Bush loses big on Guantánamo
Somehow, by the grace of Athena, the Supreme Court yesterday managed to do, for a change, the right thing on the matter of the men being held illegally at a U.S. prison camp in Guantánamo Bay, Cuba -- at least half a world away from the places from which they were seized.
You'll recall, mes amis, that the Bush administration had declared itself immune from the protocols of international and domestic law -- not to mention the Military Code of Justice -- in the matter of trials for the Guantánamo detainees. Because they were swept up as part of the so-called War on Terror -- which is being waged against the United States, according to the White House, not by governments but by individuals -- the administration contended that the rules by which our nation is bound in the conduct of warfare did not apply to those it deemed to be terrorists.
Yesterday, the High Court ruled that the show trials of detainees concocted by the administration were not legal, because they did not meet the minimum conditions laid out in Article 3 of the Geneva Conventions, to which the U.S. is a signatory.

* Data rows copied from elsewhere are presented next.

(* Let $\gamma$ be the Euler–Mascheroni constant and $\zeta$ the Riemann zeta function. Then $$\lim_{x\to\infty}\left\{\zeta\Bigl(\ln\bigl[\ln(\ln\zeta(x)+1)+1\bigr]+1\Bigr)-2^x+\Bigl(\frac43\Bigr)^x-\frac12\right\}=\gamma .$$ *)

theory Defs
  imports "HOL-Analysis.Analysis"
begin

text \<open>Riemann zeta function on the real half-line s > 1, via its Dirichlet series
  zeta s = sum over n >= 1 of n^(-s). (No zeta function exists in the distribution.)
  For s <= 1 the value is the junk value of suminf; only s > 1 matters below.\<close>
definition rzeta :: "real \<Rightarrow> real" where
  "rzeta s = (\<Sum>n. 1 / (real (Suc n)) powr s)"

end

theory Submission
  imports Defs "HOL-Real_Asymp.Real_Asymp"
begin

text \<open>Near s = 1 the zeta function behaves like 1/(s - 1) + \<gamma>: comparing each term m^-s of
  the series with the integral of t^-s over [m, m + 1], the differences are O(1/m^2) uniformly
  for 1 < s \<le> 2, and as s \<rightarrow> 1 they tend to 1/m - ln (m + 1) + ln m, whose sum is \<gamma>.
  As x \<rightarrow> \<infinity>, on the other hand, \<zeta>(x) = 1 + 2^-x + 3^-x + 4^-x + O(5^-x), and an asymptotic
  expansion shows that \<epsilon>(x) = ln (ln (ln \<zeta>(x) + 1) + 1) tends to 0 from above with
  1/\<epsilon>(x) = 2^x - (4/3)^x + 1/2 + o(1). Hence
  \<zeta>(\<epsilon>(x) + 1) = 1/\<epsilon>(x) + \<gamma> + o(1) = 2^x - (4/3)^x + 1/2 + \<gamma> + o(1).\<close>

lemma rzeta_sums:
  assumes "1 < s"
  shows "(\<lambda>n. 1 / real (Suc n) powr s) sums rzeta s"
proof -
  have "summable (\<lambda>n. real n powr (-s))"
    using assms by (simp add: summable_real_powr_iff)
  then have "summable (\<lambda>n. 1 / real (Suc n) powr s)"
    by (subst (asm) summable_Suc_iff[symmetric]) (simp add: powr_minus_divide)
  then show ?thesis
    unfolding rzeta_def by (rule summable_sums)
qed
(* For every integer $n\geq2$, \[\left(\zeta_{p^{n+1}}-1\right)^{-2p+2}=p^{-\frac{2}{p^n}}\left(1-(-1)^n\zeta_{2(p-1)}p^{\frac{1}{p^n(p-1)}}-\mathds{1}_3(p)\cdot 3^{\frac{2}{3^n\cdot 2}}\sigma_{n+1}+O\!\left(p^{\frac{2}{p^n(p-1)}}\right)\right),\] where $\mathds{1}_3(p)=1$ if $p=3$ and $0$ otherwise.
   Context: $p\geq 3$ is a prime. $\mathbb{L}_p=W(\bar{\mathbb{F}}_p)((p^{\mathbb{Q}}))$ is the $p$-adic Mal'cev–Neumann field: each element is uniquely $\sum_{x\in\mathbb{Q}}[\alpha_x]p^x$ with $\alpha_x\in\bar{\mathbb{F}}_p$, $[\cdot]$ the Teichmüller lift, and well-ordered support; it is an algebraically closed complete field with valuation $v_p(\alpha)=\min$ of the support ($v_p(p)=1$), and $\bar{\mathbb{Q}}_p$ is regarded as a subfield via a fixed continuous embedding. For $x\in\mathbb{Q}$, $p^x$ denotes $[1]p^x$ (and likewise $3^x$ when $p=3$). For $r\in\mathbb{Q}$, "$\alpha=\beta+O(p^r)$" means $v_p(\alpha-\beta)\geq r$; an expression $c\,(\cdots+O(p^r))$ means $c$ times an element of that form. $H_k=\sum_{i=1}^k1/i$. For $n\geq1$, $\sigma_n=\sum_{k=n}^{\infty}p^{-1/p^k}\in\mathbb{L}_p$. Fix a primitive $2(p-1)$-th root of unity $\zeta_{2(p-1)}\in W(\bar{\mathbb{F}}_p)$ and a system $(\zeta_{p^n})_{n\geq1}$ of primitive $p^n$-th roots of unity in $\mathbb{L}_p$ with $\zeta_{p^{n+1}}^p=\zeta_{p^n}$, normalized (as established in earlier work of the authors) so that for every $n\geq2$, writing $\zeta=\zeta_{2(p-1)}$, \[\zeta_{p^n}=\sum_{k=0}^{p-1}\frac{(-1)^{nk}}{k!}\zeta^k p^{\frac{k}{p^{n-1}(p-1)}}+\sum_{k=0}^{p-1}\frac{(-1)^{n(k+1)}}{k!}\zeta^{k+1}p^{\frac{k+p}{p^{n-1}(p-1)}}\sigma_n-\sum_{k=1}^{p-1}\frac{H_k}{k!}(-1)^{n(k+1)}\zeta^{k+1}p^{\frac{k+p}{p^{n-1}(p-1)}}+\frac12\zeta^2p^{\frac{2}{p^{n-2}(p-1)}}\sigma_n^2+\frac{(-1)^n}{2}\zeta^3p^{\frac{2}{p^{n-2}(p-1)}-\frac{p-2}{p^n(p-1)}}+O\!\left(p^{\frac{2}{p^{n-2}(p-1)}}\right).\] *)

theory Defs
  imports Complex_Main "HOL-Computational_Algebra.Polynomial"
begin

text \<open>Abstract rendering of the p-adic Mal'cev--Neumann field L_p: a field 'a of
characteristic 0 carrying a Q-valued (rank one) valuation v (v is only meaningful on
nonzero elements; v 0 is irrelevant), together with the monomials p^x, x in Q.\<close>

definition nonarch_valuation :: "('a::field \<Rightarrow> rat) \<Rightarrow> bool" where
  "nonarch_valuation v \<longleftrightarrow>
     (\<forall>x y. x \<noteq> 0 \<longrightarrow> y \<noteq> 0 \<longrightarrow> v (x * y) = v x + v y) \<and>
     (\<forall>x y. x \<noteq> 0 \<longrightarrow> y \<noteq> 0 \<longrightarrow> x + y \<noteq> 0 \<longrightarrow> min (v x) (v y) \<le> v (x + y))"
lemma schwartz_plus_powr_integrable:
  assumes "schwartz_plus \<phi>" "p > -1"
  shows "set_integrable lborel {0<..} (\<lambda>y. norm (\<phi> y) * y powr p)"
proof -
  have cont: "continuous_on {0<..} (\<lambda>y. norm (\<phi> y) * y powr p)"
    using schwartz_plus_continuous_on[OF assms(1)] by (intro continuous_intros) auto
  have meas: "set_borel_measurable lborel A (\<lambda>y. norm (\<phi> y) * y powr p)"
    if "A \<in> sets borel" "A \<subseteq> {0<..}" for A
    using set_measurable_continuous_on[OF that(1) continuous_on_subset[OF cont that(2)]]
    unfolding set_borel_measurable_def by simp
  obtain B0 where B0: "\<And>y. y > 0 \<Longrightarrow> norm (\<phi> y) * y ^ 0 \<le> B0"
    using schwartz_plus_decay[OF assms(1)] by blast
  define m where "m = nat \<lceil>p\<rceil> + 2"
  obtain B where B: "\<And>y. y > 0 \<Longrightarrow> norm (\<phi> y) * y ^ m \<le> B"
    using schwartz_plus_decay[OF assms(1)] by blast
  have "0 \<le> B"
    using B[of 1] norm_ge_zero[of "\<phi> 1"] by (simp del: norm_ge_zero)
  have "set_integrable lborel {0<..1} (\<lambda>y. norm (\<phi> y) * y powr p)"
  proof (rule set_integrable_bound[OF _ meas])
    show "set_integrable lborel {0<..1} (\<lambda>y. B0 * y powr p)"
      using set_integrable_powr_0_1[OF assms(2)] by (rule set_integrable_mult_right)
    show "AE y in lborel. y \<in> {0<..1} \<longrightarrow>
        norm (norm (\<phi> y) * y powr p) \<le> norm (B0 * y powr p)"
      using B0 by (intro AE_I2) (force simp: abs_mult intro!: mult_right_mono)
  qed auto
  moreover have "set_integrable lborel {1<..} (\<lambda>y. norm (\<phi> y) * y powr p)"
  proof (rule set_integrable_bound[OF _ meas])
    show "set_integrable lborel {1<..} (\<lambda>y. B * y powr -2)"
      using set_integrable_powr_1_infinity[of "-2"] by (intro set_integrable_mult_right) auto
    have "norm (\<phi> y) * y powr p \<le> B * y powr -2" if "y > 1" for y
    proof -
      have "norm (\<phi> y) * y powr p = (norm (\<phi> y) * y ^ m) * y powr (p - m)"
        using that by (simp add: powr_diff powr_realpow)
      also have "\<dots> \<le> B * y powr -2"
        using B[of y] \<open>0 \<le> B\<close> that unfolding m_def
        by (intro mult_mono powr_mono) (auto, linarith)
      finally show ?thesis .
    qed
    then show "AE y in lborel. y \<in> {1<..} \<longrightarrow>
        norm (norm (\<phi> y) * y powr p) \<le> norm (B * y powr -2)"
      using \<open>0 \<le> B\<close> by (intro AE_I2) (auto simp: abs_mult)
  qed auto
  ultimately have "set_integrable lborel ({0<..1} \<union> {1<..}) (\<lambda>y. norm (\<phi> y) * y powr p)"
    by (rule set_integrable_Un) auto
  also have "{0<..1} \<union> {1<..} = {0::real<..}"
    by auto
  finally show ?thesis .
qed

lemma schwartz_plus_u1_integrable:
  assumes "schwartz_plus \<phi>" "a > -1"
  shows "set_integrable lborel {0<..} (\<lambda>y. norm (\<phi> y) * u1 a y)"
proof (rule set_integrable_bound)
  show "set_integrable lborel {0<..} (\<lambda>y. norm (\<phi> y) * y powr a + norm (\<phi> y) * y powr (a / 2))"
    using assms by (intro set_integral_add schwartz_plus_powr_integrable) auto
  have "continuous_on {0<..} (\<lambda>y. norm (\<phi> y) * u1 a y)"
    unfolding u1_def using schwartz_plus_continuous_on[OF assms(1)]
    by (intro continuous_intros) auto
  from set_measurable_continuous_on[OF _ this]
  show "set_borel_measurable lborel {0<..} (\<lambda>y. norm (\<phi> y) * u1 a y)"
    unfolding set_borel_measurable_def by simp
  show "AE y in lborel. y \<in> {0<..} \<longrightarrow>
      norm (norm (\<phi> y) * u1 a y) \<le> norm (norm (\<phi> y) * y powr a + norm (\<phi> y) * y powr (a / 2))"
    by (intro AE_I2) (auto simp: u1_def max_def abs_mult distrib_left [symmetric] intro!: mult_left_mono)
qed

lemma norm_set_integral_le:
  fixes f :: "'a \<Rightarrow> 'b::{banach, second_countable_topology}"
  assumes "set_integrable M A g" "\<And>x. x \<in> A \<Longrightarrow> norm (f x) \<le> g x"
  shows "norm (LINT x:A|M. f x) \<le> (LINT x:A|M. g x)"
  unfolding set_lebesgue_integral_def
proof (rule order_trans[OF integral_norm_bound integral_mono_AE'])
  show "integrable M (\<lambda>x. indicator A x *\<^sub>R g x)"
    using assms(1) unfolding set_integrable_def .
  have "0 \<le> g x" if "x \<in> A" for x
    using assms(2)[OF that] norm_ge_zero order_trans by blast
  then show "AE x in M. norm (indicator A x *\<^sub>R f x) \<le> indicator A x *\<^sub>R g x"
    "AE x in M. 0 \<le> indicator A x *\<^sub>R g x"
    using assms(2) by (auto intro!: AE_I2 simp: indicator_def)
qed

lemma norm_S_op_le:
  assumes "set_integrable lborel {0<..} (\<lambda>y. norm (\<phi> y) * w y)"
    and "\<And>y. y > 0 \<Longrightarrow> y powr a * norm (S_kernel a x y t) \<le> c * w y"
  shows "norm (S_op a t \<phi> x) \<le> c * (\<integral>y\<in>{0<..}. norm (\<phi> y) * w y \<partial>lborel)"
proof -
  have "norm (S_op a t \<phi> x) \<le> (\<integral>y\<in>{0<..}. c * (norm (\<phi> y) * w y) \<partial>lborel)"
    unfolding S_op_def
  proof (rule norm_set_integral_le)
    show "set_integrable lborel {0<..} (\<lambda>y. c * (norm (\<phi> y) * w y))"
      using assms(1) by (rule set_integrable_mult_right)
    fix y :: real
    assume "y \<in> {0<..}"
    then have "y powr a * norm (S_kernel a x y t) * norm (\<phi> y) \<le> c * w y * norm (\<phi> y)"
      using assms(2) by (intro mult_right_mono) auto
    then show "norm (y powr a *\<^sub>R (S_kernel a x y t * \<phi> y)) \<le> c * (norm (\<phi> y) * w y)"
      by (simp add: norm_mult mult_ac)
  qed
  then show ?thesis
    by simp
qed

lemma S_op_L1_Linfty_estimate:
  assumes "a \<ge> 0"
  shows "\<exists>C>0. \<forall>t \<phi>. t \<noteq> 0 \<and> schwartz_plus \<phi> \<longrightarrow>
      (AE x in lborel. x > 0 \<longrightarrow> norm (S_op a t \<phi> x) \<le> C * \<bar>t\<bar> powr (- (a + 1) / 2) *
        (\<integral>y\<in>{0<..}. norm (\<phi> y) * y powr a \<partial>lborel))"
proof -
  obtain C where "C > 0" and kernel: "\<And>t x y. t \<noteq> 0 \<Longrightarrow> x > 0 \<Longrightarrow> y > 0 \<Longrightarrow>
      norm (S_kernel a x y t) \<le> C * \<bar>t\<bar> powr (- (a + 1) / 2)"
    using norm_S_kernel_le[OF assms] by blast
  have "norm (S_op a t \<phi> x) \<le> C * \<bar>t\<bar> powr (- (a + 1) / 2) *
      (\<integral>y\<in>{0<..}. norm (\<phi> y) * y powr a \<partial>lborel)"
    if "t \<noteq> 0" "schwartz_plus \<phi>" "x > 0" for t \<phi> x
  proof (rule norm_S_op_le)
    show "set_integrable lborel {0<..} (\<lambda>y. norm (\<phi> y) * y powr a)"
      using that assms by (intro schwartz_plus_powr_integrable) auto
    show "y powr a * norm (S_kernel a x y t) \<le> C * \<bar>t\<bar> powr (- (a + 1) / 2) * y powr a"
      if "y > 0" for y
      using mult_left_mono[OF kernel powr_ge_zero] \<open>t \<noteq> 0\<close> \<open>x > 0\<close> that
      by (simp add: mult_ac)
  qed
  then show ?thesis
    using \<open>C > 0\<close> by blast
qed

For its part, the Pentagon claims that the Court's ruling has no bearing on its practice of holding detainees indefinitely without charge, but that line of reasoning is errant on its face. If the show trials (or tribunals, as they are called) are not valid because they fail to meet the standards of international and Constitutional law, then surely detention absent habeas corpus should be struck down by the same decision. At least, that's your blogstress's reading of the matter, which relies more on augury than actual knowledge of the law.